Она уже не плачет, но голос у нее скорбный, а на плечах черная накидка, и, когда она идет в кухню, в походке ее нет и следа прежней бойкости. Доктор Севальос задумчиво помешивает бульон, отец Гарсиа осторожно поднимает миску, подносит ее к носу и вдыхает горячий аромат.
— Я тоже никогда его не понимал, и в то время, помнится, мне это тоже показалось гнусностью, — говорит доктор Севальос. — Но с тех пор (много воды утекло, я состарился, и мне уже ничто человеческое не кажется гнусным. Уверяю вас, если бы вы видели в ту ночь бедного Ансельмо, вы бы не стали его так ненавидеть, отец Гарсиа.
— Бог вам воздаст, доктор, — сквозь слезы повторяет Ансельмо, пока бежит, натыкаясь на деревья, скамейки и парапет дамбы. — Я сделаю все, что вы потребуете, я отдам вам все мои деньги, доктор, я буду вашим рабом, доктор.

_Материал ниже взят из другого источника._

lemma optimistic_close_fresh:
  assumes inv: "brick_inv f Byz BP c" and p: "p \<notin> BP"
    and "Byz \<subseteq> {..<nW f}" and "card Byz \<le> f"
    and "SigOpt PA s i \<in> pool c" and "SigOpt PB s i \<in> pool c"
  shows "both_signed c s i \<and> 1 \<le> i \<and> (\<forall>j. certified f c j \<longrightarrow> j \<le> i)"
proof -
  have "SigOpt p s i \<in> pool c" using assms(5,6) by (cases p) auto
  then obtain r where cur: "pcur c p = i" and own: "SigUpd p (s, r) i \<in> pool c"
    using inv p unfolding brick_inv_def optimistic_close_final_def by blast
  obtain x where x: "SigUpd p x i \<in> pool c" "SigUpd (other p) x i \<in> pool c"
    using inv p cur unfolding brick_inv_def current_state_agreed_def by blast
  with own inv p have "x = (s, r)" unfolding brick_inv_def commitments_unique_def by blast
  with x have "both_signed c s i" unfolding both_signed_def by (cases p) auto
  moreover have "1 \<le> i" using own inv p unfolding brick_inv_def commitments_unique_def by blast
  moreover have "j \<le> i" if "certified f c j" for j
  proof -
    have "announced_le_current BP c" "warden_sigs_announced f Byz c"
      using inv unfolding brick_inv_def by simp_all
    from certified_le_current[OF this p assms(3,4) that] cur show ?thesis by simp
  qed
  ultimately show ?thesis by blast
qed

lemma pessimistic_close_fresh:
  assumes inv: "brick_inv f Byz BP c" and p: "p \<notin> BP"
    and "Byz \<subseteq> {..<nW f}" and "card Byz \<le> f"
    and "Q \<subseteq> annc c" and "inj_on fst Q" and "card Q = thr f" and "\<forall>q\<in>Q. fst q < nW f"
    and "i = Max (snd ` Q)" and "SigUpd PA (s, r) i \<in> pool c" and "SigUpd PB (s, r) i \<in> pool c"
  shows "both_signed c s i \<and> 1 \<le> i \<and> (\<forall>j. certified f c j \<longrightarrow> j \<le> i)"
proof -
  have "both_signed c s i" using assms(10,11) unfolding both_signed_def by blast
  moreover have "SigUpd p (s, r) i \<in> pool c" using assms(10,11) by (cases p) auto
  then have "1 \<le> i" using inv p unfolding brick_inv_def commitments_unique_def by blast
  moreover have "j \<le> i" if "certified f c j" for j
  proof -
    have "warden_sigs_announced f Byz c" "closing_announcements_stored f Byz c"
      using inv unfolding brick_inv_def by simp_all
    from certified_le_max_announcement[OF this assms(3-8) that] assms(9) show ?thesis by simp
  qed
  ultimately show ?thesis by blast
qed

lemma closing_step_fresh:
  assumes "brick_inv f Byz BP c" and "p \<notin> BP"
    and "Byz \<subseteq> {..<nW f}" and "card Byz \<le> f"
    and "step f Byz BP c c'" and "chclosed c = None" and "chclosed c' = Some (s, i)"
  shows "c' = c\<lparr>chclosed := Some (s, i)\<rparr> \<and> both_signed c s i \<and> 1 \<le> i \<and>
    (\<forall>j. certified f c j \<longrightarrow> j \<le> i)"
  using assms(5)
proof cases
  case (contract_opt s' i')
  with assms(7) have "s' = s" "i' = i" by simp_all
  with contract_opt optimistic_close_fresh[OF assms(1-4)] show ?thesis by simp
next
  case (contract_pess Q i' s' r)
  with assms(7) have "s' = s" "i' = i" by simp_all
  with contract_pess pessimistic_close_fresh[OF assms(1-4)] show ?thesis by blast
qed (use assms(6,7) in simp_all)
lemma odometer_space_first_difference:
  assumes "x \<in> G" "y \<in> G" "x \<noteq> y"
  obtains n where "\<forall>k\<le>n. x k = y k" "x (Suc n) \<noteq> y (Suc n)"
  using first_difference[of x y] odometer_space_0 assms by metis

lemma odometer_map_apply: "T x n = (x n + 1) mod modulus n"
  by (simp add: odometer_map_def modulus_def)

lemma odometer_space_less: "x \<in> G \<Longrightarrow> x n < modulus n"
  unfolding odometer_space_iff by blast

text \<open>Not a simp rule: it would rewrite x n to x (Suc n) mod modulus n indefinitely.\<close>
lemma odometer_space_mod_Suc: "x \<in> G \<Longrightarrow> x n = x (Suc n) mod modulus n"
  unfolding odometer_space_iff by blast

lemma odometer_space_mod:
  assumes "x \<in> G" "k \<le> m"
  shows "x k = x m mod modulus k"
  using assms(2)
proof (induction m rule: dec_induct)
  case base
  show ?case using odometer_space_less[OF assms(1)] by simp
next
  case (step m)
  have "x k = x (Suc m) mod modulus m mod modulus k"
    using step.IH odometer_space_mod_Suc[OF assms(1), of m] by simp
  with step show ?case by (simp add: mod_mod_cancel modulus_dvd)
qed

lemma odometer_space_Suc: "x \<in> G \<Longrightarrow> x (Suc n) = x n + modulus n * digit x n"
  using odometer_space_mod[of x n "Suc n"] by (simp add: digit_def)

lemma digit_less: "x \<in> G \<Longrightarrow> digit x n < ratio n"
  using odometer_space_less[of x "Suc n"] modulus_pos[of n]
  by (simp add: digit_def modulus_Suc less_mult_imp_div_less mult.commute)

lemma odometer_map_in_space:
  assumes "x \<in> G"
  shows "T x \<in> G"
proof -
  have step: "(x n + 1) mod modulus n = (x (Suc n) + 1) mod modulus (Suc n) mod modulus n" for n
  proof -
    have "(x (Suc n) + 1) mod modulus (Suc n) mod modulus n = (x (Suc n) + 1) mod modulus n"
      by (simp add: mod_mod_cancel modulus_Suc)
    also have "\<dots> = (x (Suc n) mod modulus n + 1) mod modulus n"
      by (simp add: mod_Suc_eq)
    finally show ?thesis using odometer_space_mod_Suc[OF assms, of n] by simp
  qed
  show ?thesis
    unfolding odometer_space_iff odometer_map_apply
  proof (intro allI conjI)
    show "(x n + 1) mod modulus n < modulus n" for n by (simp add: modulus_pos)
  qed (rule step)
qed

lemma odometer_map_first_difference:
  assumes "x \<in> G" "y \<in> G" "\<forall>k\<le>n. x k = y k" "x (Suc n) \<noteq> y (Suc n)"
  shows "\<forall>k\<le>n. T x k = T y k" "T x (Suc n) \<noteq> T y (Suc n)"
  using assms odometer_space_less[of _ "Suc n"]
  by (auto simp: odometer_map_apply mod_Suc split: if_splits)
lemma emeasure_distr_fst_kink_free:
  assumes "c \<le> d" and kink_free: "\<forall>p\<in>{-1/2, 0, 1/2}. p \<notin> {c<..<d}"
  shows "emeasure (distr mu lborel fst) {c<..<d} = ennreal (kappa * (d - c))"
proof (cases "c < d")
  case True
  have "\<not> (c < -1/2 \<and> -1/2 < d)" "\<not> (c < 0 \<and> 0 < d)" "\<not> (c < 1/2 \<and> 1/2 < d)"
    using kink_free by auto
  then have "(d \<le> -1/2 \<or> 1/2 \<le> c) \<or> (-1/2 \<le> c \<and> d \<le> 0) \<or> (0 \<le> c \<and> d \<le> 1/2)"
    using True by linarith
  then consider "d \<le> -1/2 \<or> 1/2 \<le> c" | "-1/2 \<le> c" "d \<le> 0" | "0 \<le> c" "d \<le> 1/2"
    by blast
  then show ?thesis
  proof cases
    case 2
    have "f_alpha \<alpha> t = f_alpha \<alpha> c + tan \<alpha> * (t - c)" if "c \<le> t" "t \<le> d" for t
      using f_alpha_left[of t c] that 2 by simp
    from emeasure_distr_fst_slanted[OF True _ _ _ this] show ?thesis using 2 by simp
  next
    case 3
    have "f_alpha \<alpha> t = f_alpha \<alpha> c + - tan \<alpha> * (t - c)" if "c \<le> t" "t \<le> d" for t
      using f_alpha_right[of t c] that 3 by simp
    from emeasure_distr_fst_slanted[OF True _ _ _ this] show ?thesis using 3 by simp
  qed (use True emeasure_distr_fst_flat in blast)
qed (use assms in simp)

lemma emeasure_distr_fst_Ioo_split:
  assumes "c \<le> m" "m \<le> d"
  shows "emeasure (distr mu lborel fst) {c<..<d}
       = emeasure (distr mu lborel fst) {c<..<m} + emeasure (distr mu lborel fst) {m<..<d}"
proof -
  have "{m} \<in> null_sets (distr mu lborel fst)"
    using emeasure_distr_fst_singleton[of m] by (simp add: null_sets_def)
  moreover have "{c<..<m} \<union> {m<..<d} = {c<..<d} - {m}"
    using assms by auto
  ultimately have "emeasure (distr mu lborel fst) ({c<..<m} \<union> {m<..<d}) = emeasure (distr mu lborel fst) {c<..<d}"
    by (simp add: emeasure_Diff_null_set)
  moreover have "emeasure (distr mu lborel fst) ({c<..<m} \<union> {m<..<d})
      = emeasure (distr mu lborel fst) {c<..<m} + emeasure (distr mu lborel fst) {m<..<d}"
    by (rule plus_emeasure[symmetric]) auto
  ultimately show ?thesis by simp
qed

lemma emeasure_distr_fst_Ioo:
  assumes "c \<le> d"
  shows "emeasure (distr mu lborel fst) {c<..<d} = ennreal (kappa * (d - c))"
proof -
  define clamp where "clamp x = max c (min d x)" for x :: real
  define m1 m2 m3 where "m1 = clamp (-1/2)" and "m2 = clamp 0" and "m3 = clamp (1/2)"
  have order: "c \<le> m1" "m1 \<le> m2" "m2 \<le> m3" "m3 \<le> d"
    using assms by (auto simp: m1_def m2_def m3_def clamp_def)
  have pieces: "emeasure (distr mu lborel fst) {x<..<y} = ennreal (kappa * (y - x))"
    if "(x, y) \<in> {(c, m1), (m1, m2), (m2, m3), (m3, d)}" for x y
    using that assms by (intro emeasure_distr_fst_kink_free)
      (auto simp: m1_def m2_def m3_def clamp_def)
  have "emeasure (distr mu lborel fst) {c<..<d}
      = ennreal (kappa * (m1 - c)) + (ennreal (kappa * (m2 - m1)) + (ennreal (kappa * (m3 - m2))
          + ennreal (kappa * (d - m3))))"
    using order by (simp add: emeasure_distr_fst_Ioo_split[of c m1 d] emeasure_distr_fst_Ioo_split[of m1 m2 d]
        emeasure_distr_fst_Ioo_split[of m2 m3 d] pieces)
  also have "\<dots> = ennreal (kappa * (m1 - c) + (kappa * (m2 - m1) + (kappa * (m3 - m2) + kappa * (d - m3))))"
    using order kappa_nonneg by (simp add: ennreal_plus[symmetric] del: ennreal_plus)
  also have "\<dots> = ennreal (kappa * (d - c))"
    by (simp add: algebra_simps)
  finally show ?thesis .
qed

lemma distr_fst_mu: "distr mu lborel fst = density lborel (\<lambda>_. ennreal kappa)"
proof (rule measure_eqI_generator_eq[where E = "range (\<lambda>(a, b). box a b)" and \<Omega> = UNIV
      and A = "\<lambda>n. box (- real n) (real n)"])
  show "Int_stable (range (\<lambda>(a, b). box a b :: real set))"
    by (auto simp: Int_stable_def box_Int_box)
  show "sets (distr mu lborel fst) = sigma_sets UNIV (range (\<lambda>(a, b). box a b))"
    "sets (density lborel (\<lambda>_. ennreal kappa)) = sigma_sets UNIV (range (\<lambda>(a, b). box a b))"
    by (simp_all add: borel_eq_box)
  show "(\<Union>n. box (- real n) (real n :: real)) = UNIV"
  proof (intro equalityI subsetI)
    fix x :: real
    obtain n :: nat where "\<bar>x\<bar> < n" using reals_Archimedean2 by blast
    then have "x \<in> box (- real n) (real n)" by (auto simp: box_real abs_less_iff)
    then show "x \<in> (\<Union>n. box (- real n) (real n))" by blast
  qed simp
  show "emeasure (distr mu lborel fst) X = emeasure (density lborel (\<lambda>_. ennreal kappa)) X"
    if "X \<in> range (\<lambda>(a, b). box a b)" for X
  proof -
    from that obtain a b :: real where "X = box a b" by auto
    then have X: "X = {a<..<b}" by (simp add: box_real)
    then show ?thesis
      using kappa_nonneg
      by (cases "a \<le> b") (simp_all add: emeasure_density_const emeasure_distr_fst_Ioo ennreal_mult)
  qed
  show "emeasure (distr mu lborel fst) (box (- real n) (real n)) \<noteq> \<infinity>" for n
    by (simp add: box_real emeasure_distr_fst_Ioo)
qed auto

end

context tent_measure
begin

lemma null_sets_mu_outside_graph: "- Gamma_alpha \<alpha> \<in> null_sets mu"
proof -
  have "(- Gamma_alpha \<alpha>) \<inter> T_alpha \<alpha> = {}" "(- Gamma_alpha \<alpha>) \<inter> (Gamma_alpha \<alpha> - T_alpha \<alpha>) = {}"
    by (auto simp: T_alpha_eq)
  then show ?thesis
    by (simp add: null_sets_def sets_mu_alpha emeasure_mu mu_alpha_setfun_def)
qed

lemma emeasure_mu_restrict_graph:
  assumes "A \<in> sets borel"
  shows "emeasure mu (A \<inter> Gamma_alpha \<alpha>) = emeasure mu A"
proof -
  have "A \<inter> Gamma_alpha \<alpha> = A - (- Gamma_alpha \<alpha>)" by auto
  then show ?thesis
    using emeasure_Diff_null_set[OF null_sets_mu_outside_graph, of A] assms by (simp add: sets_mu_alpha)
qed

— Вы хотите меня разжалобить? — ворчит отец Гарсиа, глядя на доктора Севальоса из-за миски с бульоном, который он продолжает нюхать. — Может, мне тоже заплакать?
— В сущности, все это уже не имеет никакого значения, — улыбаясь, говорит доктор Севальос. — Все это, мой друг, уже быльем поросло. Но из-за Чунгиты сегодня ночью эта история ожила у меня в памяти и не выходит из головы. Я для того и говорю о ней, чтобы отделаться от воспоминаний, не обращайте внимания.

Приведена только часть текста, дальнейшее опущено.